- EXERCISE INSTRUCTIONS -
Nothing but the lines from the one containing "fix X X' assume" through the last line of the records below should be written out, each exactly as it stands.
----------------
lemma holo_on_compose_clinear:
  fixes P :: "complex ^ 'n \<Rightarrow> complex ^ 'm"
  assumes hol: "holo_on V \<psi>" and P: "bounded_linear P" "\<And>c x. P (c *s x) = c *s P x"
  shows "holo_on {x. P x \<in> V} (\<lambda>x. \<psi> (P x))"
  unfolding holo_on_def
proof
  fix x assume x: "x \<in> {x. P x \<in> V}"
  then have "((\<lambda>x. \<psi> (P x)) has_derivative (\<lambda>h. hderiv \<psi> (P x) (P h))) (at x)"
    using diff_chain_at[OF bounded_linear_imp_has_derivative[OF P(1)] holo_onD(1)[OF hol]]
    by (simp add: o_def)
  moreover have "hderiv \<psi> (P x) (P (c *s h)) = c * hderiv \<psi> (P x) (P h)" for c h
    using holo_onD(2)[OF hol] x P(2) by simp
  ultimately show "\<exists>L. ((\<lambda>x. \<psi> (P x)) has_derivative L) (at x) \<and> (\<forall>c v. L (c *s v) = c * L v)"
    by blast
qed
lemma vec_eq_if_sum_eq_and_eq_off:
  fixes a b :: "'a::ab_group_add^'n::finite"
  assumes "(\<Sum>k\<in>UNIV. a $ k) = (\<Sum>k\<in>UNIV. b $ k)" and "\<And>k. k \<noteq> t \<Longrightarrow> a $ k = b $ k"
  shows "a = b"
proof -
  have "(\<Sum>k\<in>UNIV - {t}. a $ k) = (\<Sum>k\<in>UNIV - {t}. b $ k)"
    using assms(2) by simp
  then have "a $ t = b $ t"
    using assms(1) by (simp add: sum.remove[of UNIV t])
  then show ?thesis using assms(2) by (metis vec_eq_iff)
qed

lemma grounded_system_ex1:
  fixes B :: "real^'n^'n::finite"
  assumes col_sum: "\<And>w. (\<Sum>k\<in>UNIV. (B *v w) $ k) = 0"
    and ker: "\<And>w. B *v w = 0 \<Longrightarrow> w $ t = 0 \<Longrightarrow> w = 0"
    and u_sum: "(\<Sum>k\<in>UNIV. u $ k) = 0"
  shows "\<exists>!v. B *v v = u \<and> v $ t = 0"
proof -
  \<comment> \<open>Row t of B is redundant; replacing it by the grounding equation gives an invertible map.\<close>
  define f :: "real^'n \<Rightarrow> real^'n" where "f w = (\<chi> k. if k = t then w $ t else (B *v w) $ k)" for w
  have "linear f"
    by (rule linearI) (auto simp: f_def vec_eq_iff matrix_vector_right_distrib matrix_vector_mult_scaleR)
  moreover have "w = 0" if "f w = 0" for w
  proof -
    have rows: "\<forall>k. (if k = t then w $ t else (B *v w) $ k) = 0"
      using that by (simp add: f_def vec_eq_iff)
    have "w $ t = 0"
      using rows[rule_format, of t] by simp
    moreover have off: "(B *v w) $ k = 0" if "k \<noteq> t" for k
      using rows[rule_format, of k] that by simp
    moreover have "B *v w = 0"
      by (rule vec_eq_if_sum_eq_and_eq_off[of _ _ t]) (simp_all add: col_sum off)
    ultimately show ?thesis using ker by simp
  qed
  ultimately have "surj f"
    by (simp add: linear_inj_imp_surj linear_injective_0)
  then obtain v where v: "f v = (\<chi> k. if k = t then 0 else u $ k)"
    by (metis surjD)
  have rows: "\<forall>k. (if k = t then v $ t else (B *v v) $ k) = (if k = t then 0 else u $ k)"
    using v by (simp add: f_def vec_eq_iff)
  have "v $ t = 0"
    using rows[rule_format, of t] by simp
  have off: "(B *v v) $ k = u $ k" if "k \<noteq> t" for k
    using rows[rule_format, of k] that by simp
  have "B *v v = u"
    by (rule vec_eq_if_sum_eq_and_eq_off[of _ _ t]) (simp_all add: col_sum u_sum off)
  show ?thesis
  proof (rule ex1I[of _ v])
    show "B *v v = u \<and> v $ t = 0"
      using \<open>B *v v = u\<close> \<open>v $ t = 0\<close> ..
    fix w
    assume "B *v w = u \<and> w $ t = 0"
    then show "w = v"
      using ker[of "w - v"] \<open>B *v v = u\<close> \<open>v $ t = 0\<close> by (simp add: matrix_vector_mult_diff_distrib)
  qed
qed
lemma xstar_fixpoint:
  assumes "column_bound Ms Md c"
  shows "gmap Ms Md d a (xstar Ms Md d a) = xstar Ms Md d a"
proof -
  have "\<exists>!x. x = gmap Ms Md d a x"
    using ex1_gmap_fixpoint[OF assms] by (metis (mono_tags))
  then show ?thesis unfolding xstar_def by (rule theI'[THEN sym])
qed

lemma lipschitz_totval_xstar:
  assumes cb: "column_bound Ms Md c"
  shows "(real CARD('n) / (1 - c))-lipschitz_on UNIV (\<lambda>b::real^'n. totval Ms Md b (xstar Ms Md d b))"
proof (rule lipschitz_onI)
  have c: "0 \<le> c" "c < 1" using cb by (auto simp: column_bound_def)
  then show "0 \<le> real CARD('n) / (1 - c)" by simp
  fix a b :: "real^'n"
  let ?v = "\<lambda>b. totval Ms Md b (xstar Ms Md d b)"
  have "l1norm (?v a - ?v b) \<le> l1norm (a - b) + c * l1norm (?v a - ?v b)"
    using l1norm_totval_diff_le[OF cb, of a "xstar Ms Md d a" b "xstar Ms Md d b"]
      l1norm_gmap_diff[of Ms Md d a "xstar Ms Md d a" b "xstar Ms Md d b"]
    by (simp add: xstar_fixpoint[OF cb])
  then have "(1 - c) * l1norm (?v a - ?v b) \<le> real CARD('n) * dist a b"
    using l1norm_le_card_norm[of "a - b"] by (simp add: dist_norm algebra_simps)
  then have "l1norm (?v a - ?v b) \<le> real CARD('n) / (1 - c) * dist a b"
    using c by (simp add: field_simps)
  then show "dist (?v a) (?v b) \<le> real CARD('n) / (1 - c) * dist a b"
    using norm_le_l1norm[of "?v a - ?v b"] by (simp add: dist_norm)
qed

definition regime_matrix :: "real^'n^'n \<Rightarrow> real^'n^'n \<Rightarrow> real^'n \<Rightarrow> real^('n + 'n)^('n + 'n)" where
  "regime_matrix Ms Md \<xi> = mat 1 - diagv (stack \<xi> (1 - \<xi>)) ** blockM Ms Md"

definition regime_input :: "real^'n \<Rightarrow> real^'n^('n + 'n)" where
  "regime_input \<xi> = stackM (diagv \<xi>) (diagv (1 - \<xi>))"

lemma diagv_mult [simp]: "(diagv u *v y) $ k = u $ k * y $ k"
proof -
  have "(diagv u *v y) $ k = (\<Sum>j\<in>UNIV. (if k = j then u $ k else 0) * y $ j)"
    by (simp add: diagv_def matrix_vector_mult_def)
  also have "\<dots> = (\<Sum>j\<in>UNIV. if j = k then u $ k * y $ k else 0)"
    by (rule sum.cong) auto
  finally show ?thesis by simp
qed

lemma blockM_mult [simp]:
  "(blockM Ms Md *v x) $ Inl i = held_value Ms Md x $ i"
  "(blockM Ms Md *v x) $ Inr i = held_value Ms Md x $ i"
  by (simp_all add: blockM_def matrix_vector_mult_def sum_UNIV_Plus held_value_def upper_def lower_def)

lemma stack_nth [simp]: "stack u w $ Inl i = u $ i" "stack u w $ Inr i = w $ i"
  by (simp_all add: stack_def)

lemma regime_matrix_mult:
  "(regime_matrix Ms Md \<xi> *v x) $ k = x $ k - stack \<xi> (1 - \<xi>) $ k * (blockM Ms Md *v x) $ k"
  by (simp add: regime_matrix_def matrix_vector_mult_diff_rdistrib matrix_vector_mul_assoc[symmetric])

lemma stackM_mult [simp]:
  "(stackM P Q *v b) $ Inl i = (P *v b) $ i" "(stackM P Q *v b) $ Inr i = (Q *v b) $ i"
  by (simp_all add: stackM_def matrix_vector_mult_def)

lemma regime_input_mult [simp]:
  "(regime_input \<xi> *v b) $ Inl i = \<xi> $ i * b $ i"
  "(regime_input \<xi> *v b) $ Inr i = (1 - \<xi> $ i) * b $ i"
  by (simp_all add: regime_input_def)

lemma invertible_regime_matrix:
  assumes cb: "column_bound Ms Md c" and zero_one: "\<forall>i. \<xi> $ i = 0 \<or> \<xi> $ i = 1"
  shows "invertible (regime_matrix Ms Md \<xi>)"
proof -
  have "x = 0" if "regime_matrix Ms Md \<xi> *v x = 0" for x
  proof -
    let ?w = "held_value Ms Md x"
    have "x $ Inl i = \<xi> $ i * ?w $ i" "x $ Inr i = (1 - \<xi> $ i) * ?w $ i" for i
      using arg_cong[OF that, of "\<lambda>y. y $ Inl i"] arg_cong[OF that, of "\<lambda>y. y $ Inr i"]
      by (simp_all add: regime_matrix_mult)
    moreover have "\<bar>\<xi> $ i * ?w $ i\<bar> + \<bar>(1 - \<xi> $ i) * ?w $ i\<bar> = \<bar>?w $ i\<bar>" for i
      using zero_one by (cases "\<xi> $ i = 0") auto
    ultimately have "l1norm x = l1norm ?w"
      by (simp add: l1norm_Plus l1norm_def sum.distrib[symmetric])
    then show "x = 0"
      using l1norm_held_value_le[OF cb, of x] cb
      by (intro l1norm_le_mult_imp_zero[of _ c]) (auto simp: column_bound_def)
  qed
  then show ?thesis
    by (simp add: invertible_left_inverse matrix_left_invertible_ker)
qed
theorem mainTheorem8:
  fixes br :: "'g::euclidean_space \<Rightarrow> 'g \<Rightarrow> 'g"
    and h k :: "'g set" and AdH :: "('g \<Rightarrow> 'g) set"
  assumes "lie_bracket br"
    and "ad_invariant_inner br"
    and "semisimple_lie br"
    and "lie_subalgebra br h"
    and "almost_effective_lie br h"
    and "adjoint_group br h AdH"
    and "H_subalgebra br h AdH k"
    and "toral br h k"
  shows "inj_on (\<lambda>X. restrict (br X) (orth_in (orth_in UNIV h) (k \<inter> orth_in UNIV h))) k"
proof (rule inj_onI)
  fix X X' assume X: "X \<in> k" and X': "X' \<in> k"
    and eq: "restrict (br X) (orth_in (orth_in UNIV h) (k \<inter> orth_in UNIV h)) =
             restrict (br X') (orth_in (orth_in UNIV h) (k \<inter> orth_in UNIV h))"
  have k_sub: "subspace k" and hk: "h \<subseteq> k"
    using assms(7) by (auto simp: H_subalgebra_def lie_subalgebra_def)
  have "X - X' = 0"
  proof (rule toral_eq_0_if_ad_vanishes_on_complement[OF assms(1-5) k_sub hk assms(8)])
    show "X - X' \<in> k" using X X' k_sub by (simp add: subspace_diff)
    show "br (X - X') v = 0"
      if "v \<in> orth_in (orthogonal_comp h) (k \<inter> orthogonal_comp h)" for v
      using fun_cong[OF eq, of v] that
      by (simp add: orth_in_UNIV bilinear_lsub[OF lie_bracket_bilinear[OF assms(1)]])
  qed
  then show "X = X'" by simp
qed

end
----------------
- RESULT OF THIS TASK -
  fix X X' assume X: "X \<in> k" and X': "X' \<in> k"
    and eq: "restrict (br X) (orth_in (orth_in UNIV h) (k \<inter> orth_in UNIV h)) =
             restrict (br X') (orth_in (orth_in UNIV h) (k \<inter> orth_in UNIV h))"
  have k_sub: "subspace k" and hk: "h \<subseteq> k"
    using assms(7) by (auto simp: H_subalgebra_def lie_subalgebra_def)
  have "X - X' = 0"
  proof (rule toral_eq_0_if_ad_vanishes_on_complement[OF assms(1-5) k_sub hk assms(8)])
    show "X - X' \<in> k" using X X' k_sub by (simp add: subspace_diff)
    show "br (X - X') v = 0"
      if "v \<in> orth_in (orthogonal_comp h) (k \<inter> orthogonal_comp h)" for v
      using fun_cong[OF eq, of v] that
      by (simp add: orth_in_UNIV bilinear_lsub[OF lie_bracket_bilinear[OF assms(1)]])
  qed
  then show "X = X'" by simp
qed

end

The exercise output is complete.